O mundo vive um cenário de instabilidade energética. Enquanto os tambores de guerra ecoam no Oriente Médio e as tensões escalam em regiões vitais para o suprimento de energia, o preço do barril de petróleo voltou a assombrar as economias globais, superando os US$ 100, impulsionado pelo risco de interrupções no fornecimento global. Isso impacta diretamente o custo do diesel, do transporte, dos fertilizantes e, consequentemente, de toda a cadeia produtiva.

No Brasil, esse efeito já é sentido no campo. O diesel mais caro pressiona o frete, encarece a produção, diminui a margem e reduz a competitividade. Mas, ao contrário de muitos países, temos uma vantagem estratégica clara, que ameniza estes impactos e pode ganhar muito mais protagonismo, passando a ser um verdadeiro triunfo contra a volatilidade do mercado internacional: os biocombustíveis.
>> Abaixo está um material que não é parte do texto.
(* Let $\delta>0$, suppose $\lim_kr_k=r\in[0,1]$, and let $\xi_k=I_k-(\theta(M_k)-\theta(M_{k-1}))$ for $k\ge1$. (a) If $r<1$, then $\frac{1}{b_n^3}\sum_{k=1}^nE[|\xi_k|^3\mid\mathcal{F}_{k-1}]\to0$ in probability, where $b_n^2=\log n$. (b) If $r=1$ and $\sum_{k=1}^\infty e_k=\infty$, where $e_k=(1-r_k)(1-r_{k+1})\cdots(1-r_{k+\delta-1})$, then $\frac{1}{b_n^3}\sum_{k=1}^nE[|\xi_k|^3\mid\mathcal{F}_{k-1}]\to0$ in probability, where $b_n^2=\sum_{k=1}^{m(n)}e_k$.
   Context: Let $\{X_n,n\ge1\}$ be independent, identically distributed random variables with values in $\mathbb{Z}_+=\{0,1,2,\dots\}$ such that $p_k=P[X_1=k]>0$ for every $k\in\mathbb{Z}_+$ (set $p_m=0$ for integers $m\le -1$). For $k\in\mathbb{Z}_+$ let $y_k=\sum_{i>k}p_i$, and set $y_m=1$ for integers $m\le-1$. Let $r_k=p_k/y_{k-1}$, $k\in\mathbb{Z}_+$, and $m(t)=\min\{j\in\mathbb{Z}_+: y_j<1/t\}$ for $t>0$. For the fixed integer $\delta$ define $s_k=p_{k+\delta}/y_{k-1}$ and $\theta(k)=\sum_{i=0}^k s_i$ for $k\in\mathbb{Z}_+$. Let $M_0=0$ and $M_n=\max\{X_1,\dots,X_n\}$ for $n\ge1$. Let $I_k=\mathbf{1}_{\{X_k>M_{k-1}+\delta\}}$. Let $\mathcal{F}_0=\{\emptyset,\Omega\}$ and $\mathcal{F}_n=\sigma(X_1,\dots,X_n)$ for $n\ge1$. *)

theory Defs
  imports "HOL-Probability.Probability"
begin

definition yv :: "(nat \<Rightarrow> real) \<Rightarrow> int \<Rightarrow> real" where
  "yv p m = (if m < 0 then 1 else (\<Sum>i. p (nat m + 1 + i)))"

definition rr :: "(nat \<Rightarrow> real) \<Rightarrow> nat \<Rightarrow> real" where
  "rr p k = p k / yv p (int k - 1)"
Esse não é um ativo trivial. É, hoje, um diferencial competitivo e um escudo econômico.

O Brasil construiu, ao longo de décadas, com visão e persistência, a indústria de biocombustíveis mais sofisticada do mundo. Dispomos de matéria prima abundante, integração da cadeia produtiva, alta tecnologia de processamento e capacidade de escala como poucos países, sendo ambientalmente mais responsáveis, despontando ainda na vanguarda da descarbonização.

O etanol e o biodiesel, por exemplo, deixaram de ser apostas para se tornarem pilares da matriz energética nacional, com misturas obrigatórias entre as mais significativas do planeta. Além disso, a maior parte da frota nacional está preparada para utilizar diferentes combinações de combustíveis, o que dá flexibilidade ao sistema. Contudo, precisamos avançar muito mais para não sermos vítimas da subutilização do nosso potencial.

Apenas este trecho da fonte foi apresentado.